An absorbing, unusually candid video essay is included in Kino Lorber’s All Night Long Bluray (5.26.20), which I only just watched last night.

Titled “All Night Wrong,” it’s a recollection from screenwriter W.D Richter (Slither, Invasion of the Body Snatchers, Brubaker, The Adventures of Buckaroo Banzai) about why the film didn’t really work.

I happen to disagree. I think All Night Long is a decent half-and-halfer. Directed by Jean-Claude Tramont and costarring Gene Hackman and the curiously miscast Barbra Streisand, it’s a dry, somewhat quirky romantic comedy that ambles along, doesn’t grossly offend and occasionally kicks into gear by way of irreverence or what-have-you.

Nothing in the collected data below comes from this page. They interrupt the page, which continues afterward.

theorem lemma3:
  fixes q K :: nat and \<delta> :: real
  assumes "q \<ge> 2" and "K \<ge> 2" and "0 < \<delta>" and "\<delta> < 1/2"
  shows "(\<exists>e :: nat \<Rightarrow> real. e \<in> o(\<lambda>N. real N) \<and>
           (\<forall>N M m. 0 < N \<longrightarrow> 0 < M \<longrightarrow> 0 < m \<longrightarrow>
              p_col q N (M + m) \<ge> \<delta> ^ m * p_col q N M
                 - (2 * \<delta>) ^ (M + 1) * exp (entropy \<delta> * real N + e N)))
       \<and> (\<exists>e :: nat \<Rightarrow> real. e \<in> o(\<lambda>N. real N) \<and>
           (\<forall>N M m. 0 < N \<longrightarrow> 0 < M \<longrightarrow> 0 < m \<longrightarrow>
              p_sat K N (M + m) \<ge> \<delta> ^ m * p_sat K N M
                 - (2 * \<delta>) ^ (M + 1) * exp (entropy \<delta> * real N + e N)))
       \<and> (\<exists>e :: nat \<Rightarrow> real. e \<in> o(\<lambda>N. real N) \<and>
           (\<forall>N M m. 0 < N \<longrightarrow> 0 < M \<longrightarrow> 0 < m \<longrightarrow>
              p_nae K N (M + m) \<ge> \<delta> ^ m * p_nae K N M
                 - (2 * \<delta>) ^ (M + 1) * exp (entropy \<delta> * real N + e N)))"
proof -
  have const: "(\<lambda>_. c) \<in> o(\<lambda>N. real N)" for c :: real
    by real_asymp
  text \<open>The constant error term \<open>- ln (2 \<delta>)\<close> absorbs the extra factor \<open>2 \<delta>\<close>.\<close>
  have shift: "(2 * \<delta>) ^ M * exp (entropy \<delta> * N)
                 = (2 * \<delta>) ^ (M + 1) * exp (entropy \<delta> * N + - ln (2 * \<delta>))" for M N :: nat
    using \<open>0 < \<delta>\<close> by (simp add: exp_diff field_simps)
  have nonneg: "0 \<le> (2 * \<delta>) ^ (M + 1) * exp (entropy \<delta> * N + 0)" for M N :: nat
    using \<open>0 < \<delta>\<close> by simp
  have col: "\<forall>N M m. 0 < N \<longrightarrow> 0 < M \<longrightarrow> 0 < m \<longrightarrow> p_col q N (M + m) \<ge> \<delta> ^ m * p_col q N M
               - (2 * \<delta>) ^ (M + 1) * exp (entropy \<delta> * real N + - ln (2 * \<delta>))"
    using p_col_add_ge[of q \<delta>, unfolded shift] assms by simp
  have sat: "\<forall>N M m. 0 < N \<longrightarrow> 0 < M \<longrightarrow> 0 < m \<longrightarrow> p_sat K N (M + m) \<ge> \<delta> ^ m * p_sat K N M
               - (2 * \<delta>) ^ (M + 1) * exp (entropy \<delta> * real N + 0)"
    using p_sat_add_ge[of K \<delta>] nonneg assms by (smt (verit))
  have nae: "\<forall>N M m. 0 < N \<longrightarrow> 0 < M \<longrightarrow> 0 < m \<longrightarrow> p_nae K N (M + m) \<ge> \<delta> ^ m * p_nae K N M
               - (2 * \<delta>) ^ (M + 1) * exp (entropy \<delta> * real N + 0)"
    using p_nae_add_ge[of K \<delta>] nonneg assms by (smt (verit))
  show ?thesis
    by (intro conjI; rule exI, rule conjI[OF const]) (fact col sat nae)+
qed
end
(* Let $\sigma_0,\sigma_1,\dots,\sigma_6$ be linearly independent real bivariate polynomials, each of exact degree $k$ and without multiple factors. Then there is a polynomial $\sigma$ in the linear span of $\sigma_1,\dots,\sigma_6$ which has no multiple factors and differs from $\sigma_0$ by a factor of degree at least three, i.e. $\sigma=\gamma r$ and $\sigma_0=\gamma_0 r$ with $\gamma,\gamma_0$ relatively prime and $\deg\gamma_0\ge3$.
   Context: A polynomial has a multiple factor if it is divisible by $r^2$ for some polynomial $r$ of degree $\ge1$. *)

theory Defs
  imports "HOL-Computational_Algebra.Polynomial"
begin

text \<open>Real bivariate polynomials are represented as real poly poly
  (polynomials in y whose coefficients are polynomials in x).\<close>

type_synonym bipoly = "real poly poly"

definition tdeg :: "bipoly \<Rightarrow> nat" where
  "tdeg p = (if p = 0 then 0 else Max {degree (coeff p i) + i | i. coeff p i \<noteq> 0})"

definition rscale :: "real \<Rightarrow> bipoly \<Rightarrow> bipoly" where
  "rscale c p = smult [:c:] p"

definition has_multiple_factor :: "bipoly \<Rightarrow> bool" where
  "has_multiple_factor p \<longleftrightarrow> (\<exists>r. tdeg r \<ge> 1 \<and> r ^ 2 dvd p)"

end

theory Submission
  imports Defs "HOL-Computational_Algebra.Squarefree" "HOL-Computational_Algebra.Field_as_Ring"
    "HOL-Computational_Algebra.Polynomial_Factorial" "HOL-Analysis.Analysis"
begin
lemma expect_card_sq_ge:
  "S \<subseteq> V \<Longrightarrow> real (card S) ^ 2 + 1 / (2 * real (card V) ^ 2) * (\<Sum>s<t. expect s transient S)
     \<le> expect t (\<lambda>W. real (card W) ^ 2) S"
proof (induction t arbitrary: S)
  case (Suc t)
  let ?d = "1 / (2 * real (card V) ^ 2)"
  have "(\<Sum>U\<in>Pow V. trans_prob S U * (real (card U) ^ 2 + ?d * (\<Sum>s<t. expect s transient U)))
     \<le> expect (Suc t) (\<lambda>W. real (card W) ^ 2) S"
    unfolding expect_Suc using Suc.IH by (intro sum_mono mult_left_mono trans_prob_nonneg) auto
  moreover have "(\<Sum>U\<in>Pow V. trans_prob S U * (real (card U) ^ 2 + ?d * (\<Sum>s<t. expect s transient U)))
     = (\<Sum>U\<in>Pow V. trans_prob S U * real (card U) ^ 2) + ?d * (\<Sum>s<t. expect (Suc s) transient S)"
    by (simp add: expect_Suc distrib_left sum.distrib sum_distrib_left sum.swap[of _ "{..<t}"]
        algebra_simps sum_divide_distrib)
  moreover have "(\<Sum>s<Suc t. expect s transient S) = transient S + (\<Sum>s<t. expect (Suc s) transient S)"
    by (subst sum.lessThan_Suc_shift) (simp add: expect_0[OF Suc.prems])
  ultimately show ?case
    using trans_expected_card_sq_ge[OF Suc.prems] by (simp add: distrib_left)
qed (simp add: expect_0)

lemma sum_expect_transient_le:
  assumes "S \<subseteq> V"
  shows "(\<Sum>s<t. expect s transient S) \<le> 2 * real (card V) ^ 4"
proof -
  let ?n = "real (card V)"
  have "expect t (\<lambda>W. real (card W) ^ 2) S \<le> expect t (\<lambda>_. ?n ^ 2) S"
    using card_mono[OF finite_V] by (intro expect_mono power_mono) auto
  also have "\<dots> = ?n ^ 2"
    by (rule expect_const[OF assms])
  finally have "1 / (2 * ?n ^ 2) * (\<Sum>s<t. expect s transient S) \<le> ?n ^ 2"
    using expect_card_sq_ge[OF assms, of t] zero_le_power2[of "real (card S)"] by linarith
  then have "(\<Sum>s<t. expect s transient S) / (2 * ?n ^ 2) \<le> ?n ^ 2"
    by simp
  then have "(\<Sum>s<t. expect s transient S) \<le> ?n ^ 2 * (2 * ?n ^ 2)"
    using card_V_pos by (simp add: pos_divide_le_eq)
  also have "\<dots> = 2 * ?n ^ 4"
    by algebra
  finally show ?thesis .
qed

lemma expect_transient_tendsto_0:
  assumes "S \<subseteq> V"
  shows "(\<lambda>t. expect t transient S) \<longlonglongrightarrow> 0"
proof (rule summable_LIMSEQ_zero, rule summableI_nonneg_bounded)
  show "0 \<le> expect t transient S" for t
    by (rule expect_nonneg) (simp add: transient_def)
qed (rule sum_expect_transient_le[OF assms])

lemma msteps_to_V_eq_expect: "msteps V E (1/2) r t S V = expect t (\<lambda>W. of_bool (W = V)) S"
proof -
  have "expect t (\<lambda>W. of_bool (W = V)) S = (\<Sum>W\<in>Pow V. if W = V then msteps V E (1/2) r t S W else 0)"
    unfolding expect_def by (intro sum.cong refl) auto
  then show ?thesis
    using finite_V by simp
qed

lemma msteps_to_V_mono: "msteps V E (1/2) r t S V \<le> msteps V E (1/2) r (Suc t) S V"
proof (induction t arbitrary: S)
  case 0
  show ?case
  proof (cases "S = V")
    case True
    then show ?thesis
      using trans_prob_from_V[of "\<lambda>W. if W = V then 1 else 0"] by simp
  next
    case False
    then show ?thesis
      using msteps_nonneg[of "Suc 0" S V] by simp
  qed
next
  case (Suc t)
  show ?case
    unfolding msteps.simps(2)[of V E "1/2" r "Suc t" S V] msteps.simps(2)[of V E "1/2" r t S V]
    by (intro sum_mono mult_left_mono Suc.IH trans_prob_nonneg)
qed

lemma msteps_to_V_tendsto_fp:
  assumes "S \<subseteq> V"
  shows "(\<lambda>t. msteps V E (1/2) r t S V) \<longlonglongrightarrow> fp V E (1/2) r S"
proof -
  have bounded: "\<forall>t. msteps V E (1/2) r t S V \<le> 1"
  proof
    fix t
    have "expect t (\<lambda>W. of_bool (W = V)) S \<le> expect t (\<lambda>_. 1) S"
      by (rule expect_mono) simp
    then show "msteps V E (1/2) r t S V \<le> 1"
      using expect_const[OF assms] by (simp add: msteps_to_V_eq_expect)
  qed
  have "incseq (\<lambda>t. msteps V E (1/2) r t S V)"
    by (rule incseq_SucI) (rule msteps_to_V_mono)
  then obtain L where L: "(\<lambda>t. msteps V E (1/2) r t S V) \<longlonglongrightarrow> L"
    using bounded by (rule incseq_convergent)
  moreover have "fp V E (1/2) r S = L"
    unfolding fp_def using L by (rule limI)
  ultimately show ?thesis
    by simp
qed

lemma msteps_to_V_ge_card_ratio:
  assumes "S \<subseteq> V"
  shows "real (card S) / real (card V) - expect t transient S \<le> msteps V E (1/2) r t S V"
proof -
  let ?n = "real (card V)"
  have "real (card S) \<le> expect t (\<lambda>W. real (card W)) S"
    by (rule expect_card_ge[OF assms])
  also have "\<dots> \<le> expect t (\<lambda>W. ?n * of_bool (W = V) + ?n * transient W) S"
    using card_mono[OF finite_V] by (intro expect_mono) (auto simp: transient_def)
  also have "\<dots> = ?n * (msteps V E (1/2) r t S V + expect t transient S)"
    by (simp add: expect_lincomb msteps_to_V_eq_expect distrib_left)
  finally show ?thesis
    using card_V_pos by (simp add: field_simps)
qed

lemma fp_ge_card_ratio:
  assumes "S \<subseteq> V"
  shows "real (card S) / real (card V) \<le> fp V E (1/2) r S"
proof (rule LIMSEQ_le)
  show "(\<lambda>t. real (card S) / real (card V) - expect t transient S) \<longlonglongrightarrow> real (card S) / real (card V)"
    using tendsto_diff[OF tendsto_const expect_transient_tendsto_0[OF assms]] by simp
  show "(\<lambda>t. msteps V E (1/2) r t S V) \<longlonglongrightarrow> fp V E (1/2) r S"
    by (rule msteps_to_V_tendsto_fp[OF assms])
  show "\<exists>N. \<forall>t\<ge>N. real (card S) / real (card V) - expect t transient S \<le> msteps V E (1/2) r t S V"
    using msteps_to_V_ge_card_ratio[OF assms] by blast
qed

end

theorem mainTheorem6:
  fixes V :: "'a set" and E :: "'a \<Rightarrow> 'a \<Rightarrow> bool" and r :: real and S0 :: "'a set"
  assumes "conn_graph V E" and "r \<ge> 1" and "S0 \<subseteq> V"
  shows "fp V E (1/2) r S0 \<ge> real (card S0) / real (card V)"
proof -
  interpret half_mixed_moran V E r
    using assms(1,2) by unfold_locales
  show ?thesis
    using fp_ge_card_ratio[OF assms(3)] .
qed

end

All Night Long screenwriter W.D, Richjter as featured in Kino Lorber video essay, “All Night Wrong.”

Richter wrote a low-key, European-toned screenplay that was intended to resemble a Mike Leigh film. It originally costarred Hackman and Lisa Eichorn. But the hoped-for chemistry between Hackman and Eichorn didn’t happen, and so Eichorn was jettisoned after a week of shooting and Streisand, of all people, stepped in at the urging of her hotshot agent, Sue Mengers, who was married to Tramont.

Streisand didn’t demand any rewrites or pull any big superstar moves — she just played the Eichorn role as written. But it was an odd fit. And Tramont, unfortunately, decided to throw in a lot of crude slapstick business that really didn’t work, and so the film felt tonally off-balanced.

All Night Long is great when it cleaves to Hackman’s middle-aged insouciance — his character’s loathing for middle-class conventionality. And Streisand isn’t half bad. But the best part of the Bluray package is the Richter essay — I found it much more engaging than the film.

Pauline Kael in “Taking It All In”: “This sophisticated slapstick romance is a happy surprise. Hackman, doing the kind of comic acting that rings true on every note, plays a Los Angeles business executive who gives up the phony obligations he has accumulated, drops out, and tries to find a way to do what he enjoys. Streisand plays a soft-spoken bleached blonde — intuitive and cuddly — who joins him.

“Directed by Jean-Claude Tramont and written by W.D. ‘Rick’ Richter, it has a distinctive comic sensibility; at times it suggests Tati, at other times W.C. Fields, and then, maybe, Lubitsch or Max Ophüls.

“With Dennis Quaid as Hackman’s muscular, inarticulate son; Diane Ladd as Hackman’s wife; Kevin Dobson as Streisand’s husband; and William Daniels as a lawyer. The poignant music that is heard is José Padilla’s ‘La Violetera,’ which was also heard in Chaplin’s City Lights.”